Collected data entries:
+===+
lemma mat_mul_sum_right: "mat_mul S C (\<Sum>j\<in>J. A j) = (\<Sum>j\<in>J. mat_mul S C (A j))"
  unfolding mat_mul_def fun_eq_iff sum_apply2 sum_distrib_left by (auto intro: sum.swap)

lemma cnj_hermitian: "hermitian_on S A \<Longrightarrow> x \<in> S \<Longrightarrow> y \<in> S \<Longrightarrow> cnj (A x y) = A y x"
  unfolding hermitian_on_def by (metis complex_cnj_cnj)

lemma cnj_mat_mul_hermitian:
  assumes "hermitian_on S A" "hermitian_on S B" "x \<in> S" "y \<in> S"
  shows "cnj (mat_mul S A B y x) = mat_mul S B A x y"
proof -
  have "cnj (A y u * B u x) = B x u * A u y" if "u \<in> S" for u
    using assms that by (simp add: cnj_hermitian mult.commute)
  then show ?thesis
    using assms(3,4) by (simp add: mat_mul_def)
qed

section \<open>Polynomials in a matrix\<close>

fun mat_pow :: "'a set \<Rightarrow> 'a cmat \<Rightarrow> nat \<Rightarrow> 'a cmat" where
  "mat_pow S A 0 = mat_one S"
| "mat_pow S A (Suc m) = mat_mul S A (mat_pow S A m)"

definition poly_mat :: "'a set \<Rightarrow> complex poly \<Rightarrow> 'a cmat \<Rightarrow> 'a cmat" where
  "poly_mat S p A = (\<Sum>i\<le>degree p. mat_scale (coeff p i) (mat_pow S A i))"

lemma mat_restrict_mat_pow [simp]: "mat_restrict S (mat_pow S A i) = mat_pow S A i"
  by (cases i) simp_all

lemma mat_restrict_poly_mat [simp]: "mat_restrict S (poly_mat S p A) = poly_mat S p A"
proof -
  have "mat_pow S A i x y = 0" if "\<not> (x \<in> S \<and> y \<in> S)" for i x y
    using restricted_mat_outside[OF mat_restrict_mat_pow that] .
  then show ?thesis
    by (auto simp: mat_restrict_def poly_mat_def mat_scale_def sum_apply2 fun_eq_iff)
qed

lemma poly_mat_bound:
  assumes "degree p \<le> N"
  shows "poly_mat S p A = (\<Sum>i\<le>N. mat_scale (coeff p i) (mat_pow S A i))"
  unfolding poly_mat_def using assms
  by (intro sum.mono_neutral_left) (auto simp: coeff_eq_0 mat_scale_def fun_eq_iff)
+===+
What is required:
From the line containing "0 = mat_one" to the final line of the data, repeat each line exactly. Include both ends.

Answer space:
  "mat_pow S A 0 = mat_one S"
| "mat_pow S A (Suc m) = mat_mul S A (mat_pow S A m)"

definition poly_mat :: "'a set \<Rightarrow> complex poly \<Rightarrow> 'a cmat \<Rightarrow> 'a cmat" where
  "poly_mat S p A = (\<Sum>i\<le>degree p. mat_scale (coeff p i) (mat_pow S A i))"

lemma mat_restrict_mat_pow [simp]: "mat_restrict S (mat_pow S A i) = mat_pow S A i"
  by (cases i) simp_all

lemma mat_restrict_poly_mat [simp]: "mat_restrict S (poly_mat S p A) = poly_mat S p A"
proof -
  have "mat_pow S A i x y = 0" if "\<not> (x \<in> S \<and> y \<in> S)" for i x y
    using restricted_mat_outside[OF mat_restrict_mat_pow that] .
  then show ?thesis
    by (auto simp: mat_restrict_def poly_mat_def mat_scale_def sum_apply2 fun_eq_iff)
qed

lemma poly_mat_bound:
  assumes "degree p \<le> N"
  shows "poly_mat S p A = (\<Sum>i\<le>N. mat_scale (coeff p i) (mat_pow S A i))"
  unfolding poly_mat_def using assms
  by (intro sum.mono_neutral_left) (auto simp: coeff_eq_0 mat_scale_def fun_eq_iff)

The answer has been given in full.